Limitations & Future Work

  1. VLM Dependency: Relies heavily on commercial large VLMs like Gemini-1.5-Pro, which entails high inference costs and API instability risks.
  2. Sensitivity to Number of Rating Classes: The choice of \(n\) requires task-specific tuning, and an adaptive selection mechanism is currently lacking.
  3. VLM Bias Propagation: Inherent biases from large foundation models may propagate to the RL agent, raising safety-critical concerns.
  4. Visual-Only Observations: Currently, only image and action descriptions are utilized, without exploiting other modalities such as tactile or force feedback.
  5. Prompt Engineering Overhead: Different environments (MetaWorld / ALFRED / real robot) require tailored prompt templates, leaving generality to be verified.
  6. Limited Validation in Offline Scenarios: Real-robot experiments only validate offline training with 50 demonstrations, leaving online continual learning scenarios insufficiently explored.
  • Rating-based RL (White et al., 2024): This serves as the theoretical foundation of this work.
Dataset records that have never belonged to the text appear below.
(* Consider the mining game with $N\ge 2$ miners, costs-per-hash $0<c_1\le\dots\le c_N$, reward $R>0$ and capacity parameter $\gamma\ge0$. The number of active miners in the unique equilibrium hash rate profile is the largest integer $n$ with $2\le n\le N$ such that $$c_n<\frac{c^{(n)}+R\gamma/c_n}{n-1},\qquad c^{(n)}=\sum_{i=1}^n c_i.$$ This number $n$ is (weakly) increasing in $R$ and in $\gamma$.
   Context: Mining game: $N\ge2$ miners with costs-per-hash $0<c_1\le\dots\le c_N$; each miner $i$ chooses $h_i\ge0$, $H=\sum_j h_j$, and the payoff of miner $i$ is $\frac{h_i}{H}R-c_ih_i-\frac{\gamma}{2}h_i^2$ if $H>0$, and $0$ if $H=0$. An equilibrium hash rate profile is a pure-strategy Nash equilibrium $h^*\in[0,\infty)^N$; it exists and is unique. Miner $i$ is active if $h_i^*>0$. *)

theory Defs
  imports Complex_Main
begin

text \<open>Miners are indexed by 1..N; a hash rate profile is a function nat to real,
  only its values on 1..N matter.\<close>

definition total_hash :: "nat \<Rightarrow> (nat \<Rightarrow> real) \<Rightarrow> real" where
  "total_hash N h = (\<Sum>j\<in>{1..N}. h j)"

definition payoff :: "nat \<Rightarrow> real \<Rightarrow> real \<Rightarrow> (nat \<Rightarrow> real) \<Rightarrow> (nat \<Rightarrow> real) \<Rightarrow> nat \<Rightarrow> real" where
  "payoff N R \<gamma> c h i =
     (if total_hash N h > 0
      then h i / total_hash N h * R - c i * h i - \<gamma> / 2 * (h i)\<^sup>2
      else 0)"

definition is_equilibrium :: "nat \<Rightarrow> real \<Rightarrow> real \<Rightarrow> (nat \<Rightarrow> real) \<Rightarrow> (nat \<Rightarrow> real) \<Rightarrow> bool" where
  "is_equilibrium N R \<gamma> c h \<longleftrightarrow>
     (\<forall>i\<in>{1..N}. h i \<ge> 0) \<and>
     (\<forall>i\<in>{1..N}. \<forall>x::real. x \<ge> 0 \<longrightarrow> payoff N R \<gamma> c (h(i := x)) i \<le> payoff N R \<gamma> c h i)"

definition active_miners :: "nat \<Rightarrow> (nat \<Rightarrow> real) \<Rightarrow> nat set" where
  "active_miners N h = {i\<in>{1..N}. h i > 0}"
ERL-VLM introduces critical enhancements tailored to the characteristics of VLM feedback.
  • RL-VLM-F (Wang et al., 2024): The closest baseline, which uses VLM preferences rather than ratings, but suffers from low query efficiency.
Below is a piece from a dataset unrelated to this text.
(* Let $\mathcal{M}=\langle W^{\mathcal{M}},\sim^{\mathcal{M}},L^{\mathcal{M}}\rangle$ be a partial epistemic model and $\mathbf{A}=\langle T,\sim^{\mathbf{A}},\mathsf{pre}\rangle$ an action model, both having proper partial epistemic frames. Then the partial product update $\mathcal{M}[\![\mathbf{A}]\!]$ is a partial epistemic model (in particular its relations $\sim_a$ are well defined, independent of the representative $X$ chosen in a world $(\langle X\rangle_t,t)$). In particular, if both $\mathcal{M}$ and $\mathbf{A}$ are proper, so is $\mathcal{M}[\![\mathbf{A}]\!]$.
   Context: Fix agents $\mathsf{Ag}=\{0,\dots,n-1\}$, $n>1$, and a set of atomic propositions $\mathsf{At}=\bigcup_{a\in\mathsf{Ag}}\mathsf{At}_a$ (disjoint union). Epistemic formulas are generated by $\varphi::=p\mid\neg\varphi\mid\varphi\wedge\varphi\mid\varphi\vee\varphi\mid K_a\varphi$ ($p\in\mathsf{At}$, $a\in\mathsf{Ag}$). A partial epistemic frame $\langle W,\sim\rangle$ consists of a nonempty finite set $W$ and, for each $a\in\mathsf{Ag}$, a partial equivalence relation $\sim_a$ on $W$ (symmetric and transitive, not necessarily reflexive). A partial epistemic model $\langle W,\sim,L\rangle$ adds a labeling $L:W\to\mathcal{P}(\mathsf{At})$. For a world $w$, $\mathrm{Alive}(w)=\{a\in\mathsf{Ag}\mid w\sim_a w\}$; for $A\subseteq\mathsf{Ag}$, $w\sim_A w'$ means $w\sim_a w'$ for all $a\in A$. A frame/model is proper if for all $w\neq w'$ there is $a$ with $w\not\sim_a w'$. Satisfaction: $\mathcal{M},w\models p$ iff $p\in L(w)$; Boolean connectives as usual; $\mathcal{M},w\models K_a\varphi$ iff $\mathcal{M},w'\models\varphi$ for all $w'$ with $w\sim_a w'$. An action model $\langle T,\sim^{\mathbf{A}},\mathsf{pre}\rangle$ is a partial epistemic frame $\langle T,\sim^{\mathbf{A}}\rangle$ (elements called actions) together with a map $\mathsf{pre}$ assigning an epistemic formula to each action; $\mathrm{Alive}(t)=\{a\mid t\sim^{\mathbf{A}}_a t\}$. Partial product update: for $t\in T$ and $X\in W^{\mathcal{M}}$ let $\langle X\rangle_t=\{Y\in W^{\mathcal{M}}\mid X\sim^{\mathcal{M}}_{\mathrm{Alive}(t)}Y \text{ and } \mathcal{M},Y\models\mathsf{pre}(t)\}$. Then $\mathcal{M}[\![\mathbf{A}]\!]=\langle W,\sim,L\rangle$ where $W=\{(\langle X\rangle_t,t)\mid X\in W^{\mathcal{M}},t\in T,\mathrm{Alive}(t)\subseteq\mathrm{Alive}(X),\mathcal{M},X\models\mathsf{pre}(t)\}$, $(\langle X\rangle_t,t)\sim_a(\langle Y\rangle_s,s)$ iff $X\sim^{\mathcal{M}}_aY$ and $t\sim^{\mathbf{A}}_a s$, and $L((\langle X\rangle_t,t))=\bigcap_{X'\in\langle X\rangle_t}L^{\mathcal{M}}(X')$. *)

theory Defs
  imports Main
begin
  • CLIP/RoboCLIP Score: Typical methods that use embedding space similarity as rewards, which are highly noisy and unstable.
  • Insights: Combining AI feedback with evaluative feedback is a highly promising direction that can be extended to the alignment of multimodal LLM agents.

Rating

  • Novelty: ⭐⭐⭐⭐ — Combines rating-based RL with VLM feedback. The enhancements of stratified sampling and MAE loss are simple yet highly effective.
  • Experimental Thoroughness: ⭐⭐⭐⭐⭐ — Covers low-level control, high-level navigation, and real-world robotics with comprehensive ablation studies.
  • Writing Quality: ⭐⭐⭐⭐ — Clear, fluent, and highly informative tables/graphs.
  • Value: ⭐⭐⭐⭐ — Provides a solid baseline and practical enhancements for VLM-driven RL reward learning.